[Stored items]
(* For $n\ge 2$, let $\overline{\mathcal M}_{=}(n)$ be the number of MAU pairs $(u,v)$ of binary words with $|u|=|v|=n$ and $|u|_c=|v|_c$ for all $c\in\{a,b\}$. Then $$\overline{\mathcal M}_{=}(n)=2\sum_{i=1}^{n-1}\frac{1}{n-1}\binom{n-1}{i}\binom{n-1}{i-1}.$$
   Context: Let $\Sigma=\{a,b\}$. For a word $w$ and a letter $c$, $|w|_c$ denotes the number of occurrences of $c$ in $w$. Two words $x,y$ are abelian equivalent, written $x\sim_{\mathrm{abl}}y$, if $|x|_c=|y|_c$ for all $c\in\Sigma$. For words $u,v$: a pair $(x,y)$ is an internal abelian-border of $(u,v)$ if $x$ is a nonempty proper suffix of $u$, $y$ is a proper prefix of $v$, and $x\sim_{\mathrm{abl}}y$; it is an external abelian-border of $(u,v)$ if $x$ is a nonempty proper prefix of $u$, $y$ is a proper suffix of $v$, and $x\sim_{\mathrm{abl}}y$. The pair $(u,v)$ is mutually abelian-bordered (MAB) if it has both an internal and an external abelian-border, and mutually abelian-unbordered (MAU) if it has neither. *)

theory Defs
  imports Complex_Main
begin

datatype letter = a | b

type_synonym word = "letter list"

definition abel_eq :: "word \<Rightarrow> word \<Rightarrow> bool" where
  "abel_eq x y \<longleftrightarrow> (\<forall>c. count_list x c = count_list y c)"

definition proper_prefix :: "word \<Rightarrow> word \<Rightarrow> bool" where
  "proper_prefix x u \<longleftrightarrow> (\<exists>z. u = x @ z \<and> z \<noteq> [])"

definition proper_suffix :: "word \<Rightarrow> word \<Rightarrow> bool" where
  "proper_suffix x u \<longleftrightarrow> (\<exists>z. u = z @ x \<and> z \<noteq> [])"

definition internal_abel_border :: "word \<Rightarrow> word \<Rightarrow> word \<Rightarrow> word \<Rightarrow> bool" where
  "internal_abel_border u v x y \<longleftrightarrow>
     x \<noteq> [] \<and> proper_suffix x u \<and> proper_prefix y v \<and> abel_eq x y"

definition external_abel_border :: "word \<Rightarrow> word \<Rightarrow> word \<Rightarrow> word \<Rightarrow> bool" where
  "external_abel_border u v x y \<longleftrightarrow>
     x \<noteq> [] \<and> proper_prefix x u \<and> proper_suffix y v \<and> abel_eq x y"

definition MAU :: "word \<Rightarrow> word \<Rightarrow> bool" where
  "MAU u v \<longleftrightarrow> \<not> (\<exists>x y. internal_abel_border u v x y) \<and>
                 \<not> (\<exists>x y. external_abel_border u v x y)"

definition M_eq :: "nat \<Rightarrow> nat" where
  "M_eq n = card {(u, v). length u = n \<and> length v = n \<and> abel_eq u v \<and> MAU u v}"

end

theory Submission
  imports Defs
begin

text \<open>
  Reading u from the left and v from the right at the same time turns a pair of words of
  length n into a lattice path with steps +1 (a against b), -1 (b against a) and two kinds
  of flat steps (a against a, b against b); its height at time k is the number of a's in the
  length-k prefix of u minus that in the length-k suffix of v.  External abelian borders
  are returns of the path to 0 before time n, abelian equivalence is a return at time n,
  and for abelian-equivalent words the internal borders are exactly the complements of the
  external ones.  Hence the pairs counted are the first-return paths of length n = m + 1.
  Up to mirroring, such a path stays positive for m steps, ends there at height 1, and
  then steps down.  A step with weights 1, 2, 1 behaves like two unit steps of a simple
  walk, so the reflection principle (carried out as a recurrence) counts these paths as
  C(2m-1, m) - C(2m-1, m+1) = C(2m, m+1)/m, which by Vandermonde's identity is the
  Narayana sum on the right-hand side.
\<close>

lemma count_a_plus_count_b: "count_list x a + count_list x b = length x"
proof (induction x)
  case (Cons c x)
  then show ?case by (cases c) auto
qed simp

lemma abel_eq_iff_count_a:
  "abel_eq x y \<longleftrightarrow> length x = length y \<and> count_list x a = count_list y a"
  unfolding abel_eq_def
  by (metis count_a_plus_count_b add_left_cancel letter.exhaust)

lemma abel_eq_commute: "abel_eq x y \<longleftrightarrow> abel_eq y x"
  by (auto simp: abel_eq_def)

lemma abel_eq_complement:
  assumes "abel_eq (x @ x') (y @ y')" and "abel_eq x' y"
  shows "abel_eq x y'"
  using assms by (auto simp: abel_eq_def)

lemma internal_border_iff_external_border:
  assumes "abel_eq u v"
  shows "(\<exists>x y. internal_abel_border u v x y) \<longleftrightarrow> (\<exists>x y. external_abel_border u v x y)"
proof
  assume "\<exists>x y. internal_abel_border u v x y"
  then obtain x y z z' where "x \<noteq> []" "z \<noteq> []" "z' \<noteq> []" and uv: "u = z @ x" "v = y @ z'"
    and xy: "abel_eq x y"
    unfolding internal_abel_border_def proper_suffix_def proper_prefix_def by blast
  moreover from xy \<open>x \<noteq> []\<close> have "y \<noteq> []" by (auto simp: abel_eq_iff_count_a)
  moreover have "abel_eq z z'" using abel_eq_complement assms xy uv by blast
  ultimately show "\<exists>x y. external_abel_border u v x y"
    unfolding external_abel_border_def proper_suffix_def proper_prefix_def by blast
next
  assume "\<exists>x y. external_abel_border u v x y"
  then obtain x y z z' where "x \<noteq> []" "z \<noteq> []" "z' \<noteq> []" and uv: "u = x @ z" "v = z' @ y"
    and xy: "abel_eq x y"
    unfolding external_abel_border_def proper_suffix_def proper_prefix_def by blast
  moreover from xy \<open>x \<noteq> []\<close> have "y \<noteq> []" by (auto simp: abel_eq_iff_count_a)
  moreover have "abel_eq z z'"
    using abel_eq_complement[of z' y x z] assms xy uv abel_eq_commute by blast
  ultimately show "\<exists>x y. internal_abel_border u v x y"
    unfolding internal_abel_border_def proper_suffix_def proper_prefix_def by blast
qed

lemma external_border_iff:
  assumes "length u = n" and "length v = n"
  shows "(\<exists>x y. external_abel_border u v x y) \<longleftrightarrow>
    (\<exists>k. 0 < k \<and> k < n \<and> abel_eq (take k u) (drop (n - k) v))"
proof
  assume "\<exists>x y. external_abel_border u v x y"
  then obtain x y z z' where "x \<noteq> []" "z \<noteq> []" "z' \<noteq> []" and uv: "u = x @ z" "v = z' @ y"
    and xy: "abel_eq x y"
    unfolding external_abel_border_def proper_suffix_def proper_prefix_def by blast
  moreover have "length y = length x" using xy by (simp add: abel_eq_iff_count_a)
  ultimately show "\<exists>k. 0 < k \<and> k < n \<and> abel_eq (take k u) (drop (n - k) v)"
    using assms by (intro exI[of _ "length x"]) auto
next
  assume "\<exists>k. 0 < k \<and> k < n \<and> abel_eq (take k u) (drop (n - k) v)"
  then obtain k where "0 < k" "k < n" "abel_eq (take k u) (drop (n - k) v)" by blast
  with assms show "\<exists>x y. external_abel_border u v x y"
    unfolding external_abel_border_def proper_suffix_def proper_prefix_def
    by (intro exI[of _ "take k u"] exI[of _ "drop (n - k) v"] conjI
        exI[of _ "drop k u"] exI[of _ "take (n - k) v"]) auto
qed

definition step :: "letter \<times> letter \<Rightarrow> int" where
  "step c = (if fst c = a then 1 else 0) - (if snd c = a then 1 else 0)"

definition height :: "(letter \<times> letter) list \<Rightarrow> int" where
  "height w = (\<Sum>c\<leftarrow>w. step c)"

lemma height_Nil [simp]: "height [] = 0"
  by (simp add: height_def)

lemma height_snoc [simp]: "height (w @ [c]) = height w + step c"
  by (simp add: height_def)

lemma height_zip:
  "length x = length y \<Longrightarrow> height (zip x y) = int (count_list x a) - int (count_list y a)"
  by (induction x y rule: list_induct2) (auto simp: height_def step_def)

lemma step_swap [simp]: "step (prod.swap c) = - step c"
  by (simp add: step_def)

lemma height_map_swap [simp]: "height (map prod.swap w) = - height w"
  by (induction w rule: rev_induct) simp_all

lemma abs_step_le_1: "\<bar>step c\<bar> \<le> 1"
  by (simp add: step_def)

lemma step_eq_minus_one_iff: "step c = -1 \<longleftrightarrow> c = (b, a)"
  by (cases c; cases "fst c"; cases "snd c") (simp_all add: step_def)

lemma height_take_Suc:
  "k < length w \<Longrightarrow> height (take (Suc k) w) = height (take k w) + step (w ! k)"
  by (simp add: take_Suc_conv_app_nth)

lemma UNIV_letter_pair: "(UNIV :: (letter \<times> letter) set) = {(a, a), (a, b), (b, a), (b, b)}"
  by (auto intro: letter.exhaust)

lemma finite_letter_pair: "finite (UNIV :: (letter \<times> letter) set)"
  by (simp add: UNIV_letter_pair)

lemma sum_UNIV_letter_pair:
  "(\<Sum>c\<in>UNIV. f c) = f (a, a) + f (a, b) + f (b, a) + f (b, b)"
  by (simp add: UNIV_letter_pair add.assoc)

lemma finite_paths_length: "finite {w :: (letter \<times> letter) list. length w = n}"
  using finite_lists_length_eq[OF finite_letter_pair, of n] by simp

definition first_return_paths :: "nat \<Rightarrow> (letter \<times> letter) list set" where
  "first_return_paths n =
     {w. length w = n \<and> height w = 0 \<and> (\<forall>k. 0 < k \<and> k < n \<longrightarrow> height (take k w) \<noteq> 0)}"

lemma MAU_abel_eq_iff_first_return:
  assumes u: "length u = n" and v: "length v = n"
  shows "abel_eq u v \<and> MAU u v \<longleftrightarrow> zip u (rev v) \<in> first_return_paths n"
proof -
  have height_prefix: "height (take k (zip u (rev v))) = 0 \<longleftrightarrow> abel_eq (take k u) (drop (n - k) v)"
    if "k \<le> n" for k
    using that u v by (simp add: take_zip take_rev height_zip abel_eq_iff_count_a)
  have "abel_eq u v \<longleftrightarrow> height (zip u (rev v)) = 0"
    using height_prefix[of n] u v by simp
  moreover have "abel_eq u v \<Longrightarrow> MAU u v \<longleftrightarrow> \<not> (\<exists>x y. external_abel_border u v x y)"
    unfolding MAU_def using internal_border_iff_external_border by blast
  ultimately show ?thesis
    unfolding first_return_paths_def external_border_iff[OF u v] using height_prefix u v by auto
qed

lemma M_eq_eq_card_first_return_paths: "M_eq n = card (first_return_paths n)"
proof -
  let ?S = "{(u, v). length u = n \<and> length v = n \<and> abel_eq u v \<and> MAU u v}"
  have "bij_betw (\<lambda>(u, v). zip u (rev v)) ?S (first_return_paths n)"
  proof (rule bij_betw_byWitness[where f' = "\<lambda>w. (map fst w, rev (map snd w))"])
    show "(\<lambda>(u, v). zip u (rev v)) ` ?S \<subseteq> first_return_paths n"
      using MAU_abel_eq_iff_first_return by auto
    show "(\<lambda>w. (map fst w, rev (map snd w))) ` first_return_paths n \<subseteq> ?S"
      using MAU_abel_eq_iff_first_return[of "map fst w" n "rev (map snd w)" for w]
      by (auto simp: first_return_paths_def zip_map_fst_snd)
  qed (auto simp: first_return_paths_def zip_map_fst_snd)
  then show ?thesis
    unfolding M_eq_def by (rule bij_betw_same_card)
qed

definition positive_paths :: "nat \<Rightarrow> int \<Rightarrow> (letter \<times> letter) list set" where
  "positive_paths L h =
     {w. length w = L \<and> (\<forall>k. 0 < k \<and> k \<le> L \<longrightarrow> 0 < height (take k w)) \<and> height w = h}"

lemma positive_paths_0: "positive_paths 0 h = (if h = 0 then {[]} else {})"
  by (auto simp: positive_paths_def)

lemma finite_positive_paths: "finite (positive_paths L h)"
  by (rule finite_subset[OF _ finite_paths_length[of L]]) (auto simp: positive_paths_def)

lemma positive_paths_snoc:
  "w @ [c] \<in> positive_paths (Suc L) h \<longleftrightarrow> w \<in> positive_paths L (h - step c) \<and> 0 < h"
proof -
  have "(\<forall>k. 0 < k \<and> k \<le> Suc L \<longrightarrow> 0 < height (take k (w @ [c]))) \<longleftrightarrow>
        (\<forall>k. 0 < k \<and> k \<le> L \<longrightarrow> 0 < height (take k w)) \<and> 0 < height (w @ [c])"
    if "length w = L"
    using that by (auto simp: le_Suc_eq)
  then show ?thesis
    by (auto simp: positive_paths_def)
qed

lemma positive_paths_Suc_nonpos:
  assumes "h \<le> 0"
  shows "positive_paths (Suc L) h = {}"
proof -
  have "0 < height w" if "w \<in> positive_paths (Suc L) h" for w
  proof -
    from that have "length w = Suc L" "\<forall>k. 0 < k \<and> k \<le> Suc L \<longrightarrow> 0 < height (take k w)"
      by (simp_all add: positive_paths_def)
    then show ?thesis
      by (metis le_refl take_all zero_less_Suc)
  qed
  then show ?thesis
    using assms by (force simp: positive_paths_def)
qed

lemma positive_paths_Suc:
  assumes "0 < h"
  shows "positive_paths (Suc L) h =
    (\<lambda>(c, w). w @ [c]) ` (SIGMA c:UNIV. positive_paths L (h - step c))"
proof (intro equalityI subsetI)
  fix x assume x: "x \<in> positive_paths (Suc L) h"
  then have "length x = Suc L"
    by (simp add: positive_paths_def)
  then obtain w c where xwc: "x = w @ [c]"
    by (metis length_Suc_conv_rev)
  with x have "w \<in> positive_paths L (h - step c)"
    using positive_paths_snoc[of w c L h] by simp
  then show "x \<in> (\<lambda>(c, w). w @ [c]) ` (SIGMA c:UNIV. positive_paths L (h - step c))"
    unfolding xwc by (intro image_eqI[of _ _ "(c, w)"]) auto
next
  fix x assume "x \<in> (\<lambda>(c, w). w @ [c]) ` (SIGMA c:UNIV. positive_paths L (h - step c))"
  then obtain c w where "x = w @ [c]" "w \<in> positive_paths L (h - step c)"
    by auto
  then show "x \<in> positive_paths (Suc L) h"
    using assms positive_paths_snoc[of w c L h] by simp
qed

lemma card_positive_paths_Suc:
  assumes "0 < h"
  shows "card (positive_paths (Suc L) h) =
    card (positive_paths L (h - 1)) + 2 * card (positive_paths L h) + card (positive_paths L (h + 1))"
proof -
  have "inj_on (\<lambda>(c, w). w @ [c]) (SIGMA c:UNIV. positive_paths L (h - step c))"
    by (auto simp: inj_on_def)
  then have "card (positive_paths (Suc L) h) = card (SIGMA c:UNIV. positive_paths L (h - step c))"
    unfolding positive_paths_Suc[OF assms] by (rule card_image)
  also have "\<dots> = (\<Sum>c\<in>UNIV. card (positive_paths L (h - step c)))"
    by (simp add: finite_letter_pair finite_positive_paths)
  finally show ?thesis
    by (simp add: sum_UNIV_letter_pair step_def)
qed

◆ What this task involves ◆
Lines in the data above may contain the word "bool"; count them and give only the number.

◆ Answer space ◆
6